Молодой Эдвард вырос в то время, которое историки так часто называют «мрачным периодом Реконструкции», однако он вспоминал о своем детстве как о счастливом времени.
В восьмидесятые годы у него была хорошая жизнь. Когда он вспоминал об этом позже, ему казалось, что их маленький мир, их маленький город был полон жизни, надежд и роста. Они почти полностью избежали той апатии и запустения, жертвой которых стала большая часть Юга.

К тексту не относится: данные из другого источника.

lemma flag_step_normal:
  assumes sub: "\<And>k. subspace (V k)" and mono: "V (Suc k) \<subseteq> V k"
    and g: "g \<in> V k" "g \<notin> V (Suc k)" and decomp: "\<And>x. x \<in> V k \<Longrightarrow> \<exists>t. x - t *\<^sub>R g \<in> V (Suc k)"
    and S: "finite S" "\<And>l. l \<in> S \<Longrightarrow> B l \<in> V (Suc k)"
    and orthonormal: "\<And>i j. i \<in> S \<Longrightarrow> j \<in> S \<Longrightarrow> ip (B i) (B j) = (if i = j then 1 else 0)"
    and expansion: "\<And>x. x \<in> V (Suc k) \<Longrightarrow> x = (\<Sum>l\<in>S. ip x (B l) *\<^sub>R B l)"
  obtains u where "ip u u = 1" and "u \<in> V k" and "\<And>x. x \<in> V (Suc k) \<Longrightarrow> ip u x = 0"
    and "\<And>x. x \<in> V k \<Longrightarrow> x - ip x u *\<^sub>R u \<in> V (Suc k)"
proof -
  define s where "s = (\<Sum>l\<in>S. ip g (B l) *\<^sub>R B l)"
  define h where "h = g - s"
  have s_sub: "s \<in> V (Suc k)"
    unfolding s_def by (intro subspace_sum[OF sub] subspace_mul[OF sub] S)
  have h_orth_B: "ip h (B l) = 0" if "l \<in> S" for l
  proof -
    have "ip s (B l) = (\<Sum>i\<in>S. ip g (B i) * (if i = l then 1 else 0))"
      using that by (simp add: s_def orthonormal)
    then show ?thesis using that S by (simp add: h_def mult_delta_right)
  qed
  have h_orth: "ip h x = 0" if "x \<in> V (Suc k)" for x
  proof -
    from expansion[OF that] have "ip h x = ip h (\<Sum>l\<in>S. ip x (B l) *\<^sub>R B l)" by (rule arg_cong)
    then show ?thesis by (simp add: h_orth_B)
  qed
  have "h \<noteq> 0" using g s_sub by (auto simp: h_def)
  then have h_pos: "0 < ip h h" by (rule ip_self_pos)
  have "h \<in> V k" unfolding h_def using g s_sub mono by (auto intro: subspace_diff[OF sub])
  define u where "u = (1 / sqrt (ip h h)) *\<^sub>R h"
  show thesis
  proof (rule that)
    show "ip u u = 1" "u \<in> V k"
      using h_pos \<open>h \<in> V k\<close> subspace_mul[OF sub] by (auto simp: u_def)
    show "ip u x = 0" if "x \<in> V (Suc k)" for x
      using h_orth[OF that] by (simp add: u_def)
    show "x - ip x u *\<^sub>R u \<in> V (Suc k)" if "x \<in> V k" for x
    proof -
      obtain t where v: "x - t *\<^sub>R g \<in> V (Suc k)" using decomp \<open>x \<in> V k\<close> by blast
      have "ip (x - t *\<^sub>R g) h = 0" "ip s h = 0"
        using h_orth[OF v] h_orth[OF s_sub] by (simp_all only: ip_sym[of h])
      moreover have "g = h + s" by (simp add: h_def)
      ultimately have "ip x u *\<^sub>R u = t *\<^sub>R h"
        using h_pos by (simp add: u_def algebra_simps)
      then have "x - ip x u *\<^sub>R u = (x - t *\<^sub>R g) + t *\<^sub>R s"
        by (simp add: h_def algebra_simps)
      then show ?thesis
        using v s_sub subspace_add[OF sub] subspace_mul[OF sub] by metis
    qed
  qed
qed

lemma flag_adapted_basis_exists:
  assumes sub: "\<And>k. subspace (V k)" and V: "antimono V" and bot: "V N = {0}"
    and gen: "\<And>k. k < N \<Longrightarrow> g k \<in> V k" and gen_notin: "\<And>k. k < N \<Longrightarrow> g k \<notin> V (Suc k)"
    and decomp: "\<And>k x. k < N \<Longrightarrow> x \<in> V k \<Longrightarrow> \<exists>t. x - t *\<^sub>R g k \<in> V (Suc k)"
  obtains B where "\<And>k. k < N \<Longrightarrow> flag_adapted V B k"
    and "\<And>x. x \<in> V 0 \<Longrightarrow> x = (\<Sum>l<N. ip x (B l) *\<^sub>R B l)"
proof -
  have "\<exists>B. (\<forall>l\<in>{m..<N}. flag_adapted V B l) \<and> (\<forall>x\<in>V m. x = (\<Sum>l\<in>{m..<N}. ip x (B l) *\<^sub>R B l))"
    if "m \<le> N" for m
    using that
  proof (induction rule: inc_induct)
    case base
    show ?case using bot by auto
  next
    case (step k)
    then obtain B where adapted: "\<forall>l\<in>{Suc k..<N}. flag_adapted V B l"
      and expansion: "\<forall>x\<in>V (Suc k). x = (\<Sum>l\<in>{Suc k..<N}. ip x (B l) *\<^sub>R B l)"
      by auto
    have B_sub: "B l \<in> V (Suc k)" if "l \<in> {Suc k..<N}" for l
      using adapted that antimonoD[OF V, of "Suc k" l] by (auto simp: flag_adapted_def)
    obtain u where u: "ip u u = 1" "u \<in> V k" "\<And>x. x \<in> V (Suc k) \<Longrightarrow> ip u x = 0"
      and proj: "\<And>x. x \<in> V k \<Longrightarrow> x - ip x u *\<^sub>R u \<in> V (Suc k)"
      using flag_step_normal[OF sub antimonoD[OF V] gen gen_notin decomp _ B_sub
          flag_adapted_orthonormal[OF V adapted[rule_format] adapted[rule_format]]
          expansion[rule_format]] \<open>k < N\<close> by auto
    define B' where "B' = B(k := u)"
    have "\<forall>l\<in>{k..<N}. flag_adapted V B' l"
      using adapted u by (auto simp: B'_def flag_adapted_def)
    moreover have "x = (\<Sum>l\<in>{k..<N}. ip x (B' l) *\<^sub>R B' l)" if "x \<in> V k" for x
    proof -
      have "x - ip x u *\<^sub>R u = (\<Sum>l\<in>{Suc k..<N}. ip (x - ip x u *\<^sub>R u) (B l) *\<^sub>R B l)"
        using expansion proj[OF that] by blast
      also have "\<dots> = (\<Sum>l\<in>{Suc k..<N}. ip x (B' l) *\<^sub>R B' l)"
        using u(3)[OF B_sub] by (intro sum.cong refl) (auto simp: B'_def)
      finally show ?thesis
        using \<open>k < N\<close> by (simp add: sum.atLeast_Suc_lessThan B'_def algebra_simps)
    qed
    ultimately show ?case by blast
  qed
  from this[of 0] show ?thesis
    using that by (auto simp: atLeast0LessThan)
qed

lemma flag_adapted_eigenvector:
  assumes sub: "\<And>k. subspace (V k)" and V: "antimono V"
    and adapted: "\<And>k. k < N \<Longrightarrow> flag_adapted V B k"
    and expansion: "\<And>x. x \<in> V 0 \<Longrightarrow> x = (\<Sum>l<N. ip x (B l) *\<^sub>R B l)"
    and decomp: "\<And>k x. k < N \<Longrightarrow> x \<in> V k \<Longrightarrow> \<exists>t. x - t *\<^sub>R g k \<in> V (Suc k)"
    and lin: "linear D" and sym: "\<And>x y. ip (D x) y = ip x (D y)"
    and inv: "\<And>k x. k \<le> N \<Longrightarrow> x \<in> V k \<Longrightarrow> D x \<in> V k"
    and tri: "\<And>k. k < N \<Longrightarrow> D (g k) - \<sigma> k *\<^sub>R g k \<in> V (Suc k)"
    and "k < N"
  shows "D (B k) = \<sigma> k *\<^sub>R B k"
proof -
  define y where "y = D (B k) - \<sigma> k *\<^sub>R B k"
  obtain t where v: "B k - t *\<^sub>R g k \<in> V (Suc k)"
    using decomp[OF \<open>k < N\<close>] adapted[OF \<open>k < N\<close>] by (auto simp: flag_adapted_def)
  have "y = t *\<^sub>R (D (g k) - \<sigma> k *\<^sub>R g k) + (D (B k - t *\<^sub>R g k) - \<sigma> k *\<^sub>R (B k - t *\<^sub>R g k))"
    by (simp add: y_def linear_diff[OF lin] linear_scale[OF lin] algebra_simps)
  moreover have "D (B k - t *\<^sub>R g k) \<in> V (Suc k)"
    using inv v \<open>k < N\<close> by simp
  ultimately have y_sub: "y \<in> V (Suc k)"
    using tri[OF \<open>k < N\<close>] v by (simp add: subspace_add[OF sub] subspace_diff[OF sub] subspace_mul[OF sub])
  have "ip y (B l) = 0" if "l < N" for l
  proof (cases "l \<le> k")
    case True
    then have "y \<in> V (Suc l)" using y_sub antimonoD[OF V, of "Suc l" "Suc k"] by auto
    then show ?thesis using adapted[OF \<open>l < N\<close>] by (simp add: flag_adapted_def ip_sym[of y])
  next
    case False
    then have "V l \<subseteq> V (Suc k)" using antimonoD[OF V] by simp
    moreover have "B l \<in> V l" "D (B l) \<in> V l"
      using adapted[OF \<open>l < N\<close>] inv \<open>l < N\<close> by (auto simp: flag_adapted_def)
    ultimately have "ip (B k) (D (B l)) = 0" "ip (B k) (B l) = 0"
      using adapted[OF \<open>k < N\<close>] by (auto simp: flag_adapted_def)
    then show ?thesis by (simp add: y_def sym)
  qed
  moreover have "y \<in> V 0" using y_sub antimonoD[OF V, of 0 "Suc k"] by auto
  ultimately have "y = 0" using expansion[of y] by simp
  then show ?thesis by (simp add: y_def)
qed

end

section \<open>The Lie algebra \<open>n\<close>\<close>

lemma all_idx: "(\<forall>i::idx. P i) \<longleftrightarrow> P E1 \<and> P E2 \<and> P E3 \<and> P E4 \<and> P E5 \<and> P E6 \<and> P E7"
  by (metis idx.exhaust)

lemma sum_idx: "(\<Sum>i\<in>UNIV. f i) = f E1 + f E2 + f E3 + f E4 + f E5 + f E6 + (f E7 :: 'a::comm_monoid_add)"
  by (simp add: UNIV_idx add.assoc)

lemma e_nth [simp]: "e i $ j = (if j = i then 1 else 0)"
  by (simp add: e_def axis_def)

lemma n_bracket_nth [simp]:
  "n_bracket x y $ E1 = 0" "n_bracket x y $ E2 = 0" "n_bracket x y $ E3 = 0"
  "n_bracket x y $ E4 = x$E1 * y$E2 - x$E2 * y$E1"
  "n_bracket x y $ E5 = x$E1 * y$E3 - x$E3 * y$E1"
  "n_bracket x y $ E6 = x$E1 * y$E4 - x$E4 * y$E1 + x$E2 * y$E3 - x$E3 * y$E2"
  "n_bracket x y $ E7 = x$E1 * y$E6 - x$E6 * y$E1 + x$E2 * y$E5 - x$E5 * y$E2
                        + x$E3 * y$E5 - x$E5 * y$E3"
  by (simp_all add: n_bracket_def sum_idx algebra_simps)

lemma bilinear_n_bracket: "bilinear n_bracket"
  unfolding bilinear_def by (auto intro!: linearI simp: vec_eq_iff all_idx algebra_simps)

lemma n_bracket_antisym: "n_bracket y x = - n_bracket x y"
  by (simp add: vec_eq_iff all_idx algebra_simps)

lemma n_bracket_self [simp]: "n_bracket x x = 0"
  by (simp add: vec_eq_iff all_idx algebra_simps)

lemma n_bracket_e:
  "n_bracket (e E1) (e E2) = e E4" "n_bracket (e E1) (e E3) = e E5" "n_bracket (e E1) (e E4) = e E6"
  "n_bracket (e E1) (e E5) = 0" "n_bracket (e E1) (e E6) = e E7" "n_bracket (e E1) (e E7) = 0"
  "n_bracket (e E2) (e E3) = e E6" "n_bracket (e E2) (e E4) = 0" "n_bracket (e E2) (e E5) = e E7"
  "n_bracket (e E2) (e E6) = 0" "n_bracket (e E2) (e E7) = 0"
  "n_bracket (e E3) (e E4) = 0" "n_bracket (e E3) (e E5) = e E7" "n_bracket (e E3) (e E6) = 0"
  "n_bracket (e E3) (e E7) = 0"
  by (simp_all add: vec_eq_iff all_idx)

lemma derivation_coeffs:
  assumes der: "is_derivation n_bracket D"
  shows "D (e E1) $ E1 = D (e E7) $ E7 / 5" "D (e E2) $ E2 = 2 * D (e E7) $ E7 / 5"
    "D (e E3) $ E3 = 2 * D (e E7) $ E7 / 5" "D (e E4) $ E4 = 3 * D (e E7) $ E7 / 5"
    "D (e E5) $ E5 = 3 * D (e E7) $ E7 / 5" "D (e E6) $ E6 = 4 * D (e E7) $ E7 / 5"
    "D (e E2) $ E1 = 0" "D (e E2) $ E3 = 0" "D (e E3) $ E1 = 0" "D (e E3) $ E2 = 0"
    "D (e E4) $ E1 = 0" "D (e E4) $ E2 = 0" "D (e E4) $ E3 = 0" "D (e E4) $ E5 = 0"
    "D (e E5) $ E1 = 0" "D (e E5) $ E2 = 0" "D (e E5) $ E3 = 0" "D (e E5) $ E4 = 0"
    "D (e E6) $ E1 = 0" "D (e E6) $ E2 = 0" "D (e E6) $ E3 = 0" "D (e E6) $ E4 = 0"
    "D (e E6) $ E5 = 0" "D (e E7) $ E1 = 0" "D (e E7) $ E2 = 0" "D (e E7) $ E3 = 0"
    "D (e E7) $ E4 = 0" "D (e E7) $ E5 = 0" "D (e E7) $ E6 = 0"
proof -
  have D0: "D 0 = 0" using der linear_0 by (auto simp: is_derivation_def)
  have C: "D (n_bracket (e i) (e j)) $ k
      = n_bracket (D (e i)) (e j) $ k + n_bracket (e i) (D (e j)) $ k" for i j k
    using der by (simp add: is_derivation_def)
  show "D (e E1) $ E1 = D (e E7) $ E7 / 5" "D (e E2) $ E2 = 2 * D (e E7) $ E7 / 5"
    "D (e E3) $ E3 = 2 * D (e E7) $ E7 / 5" "D (e E4) $ E4 = 3 * D (e E7) $ E7 / 5"
    "D (e E5) $ E5 = 3 * D (e E7) $ E7 / 5" "D (e E6) $ E6 = 4 * D (e E7) $ E7 / 5"
    using C[of E1 E2 E4] C[of E1 E3 E5] C[of E1 E4 E6] C[of E1 E6 E7] C[of E2 E3 E6] C[of E3 E5 E7]
      C[of E1 E3 E4] C[of E1 E5 E6]
    by (simp_all add: n_bracket_e D0)
  show "D (e E2) $ E1 = 0" "D (e E2) $ E3 = 0" "D (e E3) $ E1 = 0" "D (e E3) $ E2 = 0"
    "D (e E4) $ E1 = 0" "D (e E4) $ E2 = 0" "D (e E4) $ E3 = 0" "D (e E4) $ E5 = 0"
    "D (e E5) $ E1 = 0" "D (e E5) $ E2 = 0" "D (e E5) $ E3 = 0" "D (e E5) $ E4 = 0"
    "D (e E6) $ E1 = 0" "D (e E6) $ E2 = 0" "D (e E6) $ E3 = 0" "D (e E6) $ E4 = 0"
    "D (e E6) $ E5 = 0" "D (e E7) $ E1 = 0" "D (e E7) $ E2 = 0" "D (e E7) $ E3 = 0"
    "D (e E7) $ E4 = 0" "D (e E7) $ E5 = 0" "D (e E7) $ E6 = 0"
    using C[of E1 E2 E3] C[of E1 E4 E5] C[of E2 E3 E5] C[of E1 E2 E5] C[of E2 E4 E7]
      C[of E1 E6 E6] C[of E1 E7 E7] C[of E2 E3 E4] C[of E1 E3 E4] C[of E1 E5 E6] C[of E1 E2 E1]
      C[of E1 E4 E4] C[of E1 E3 E1] C[of E1 E5 E4] C[of E1 E5 E5] C[of E2 E3 E1] C[of E1 E6 E4]
      C[of E1 E7 E6] C[of E1 E4 E3] C[of E1 E6 E1] C[of E1 E7 E4] C[of E1 E7 E5] C[of E1 E6 E5]
    by (simp_all add: n_bracket_e D0)
qed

На Ливийском холме люди не так сильно ощущали горечь войны. Как сказал судья Джойнер, до войны им было нечего терять, поэтому впоследствии было не так много поводов для сожалений. Горцы никогда не были богаты. Они не были рабовладельцами. Это был народ из глубинки – мелкие фермы, охота, рубка, расчистка, ловушки, срубы. Во многих горных округах негры были неизвестны до войны; многие горцы никогда не видели негров до начала войны.
Даже в Ливия-Хилл вряд ли найдется более полудюжины людей, владевших рабами. Больше всего рабов было у старого капитана Дункана – около сорока или пятидесяти негров: он владел большим количеством земли и лесопилкой, и использовал их там. У Бландов было несколько рабов. У Зака Джойнера, возможно, было полдюжины, а у Роберта – три. Возможно, тут и там были разбросаны еще несколько семей, имевших по одному-два раба, но такие семьи были редки.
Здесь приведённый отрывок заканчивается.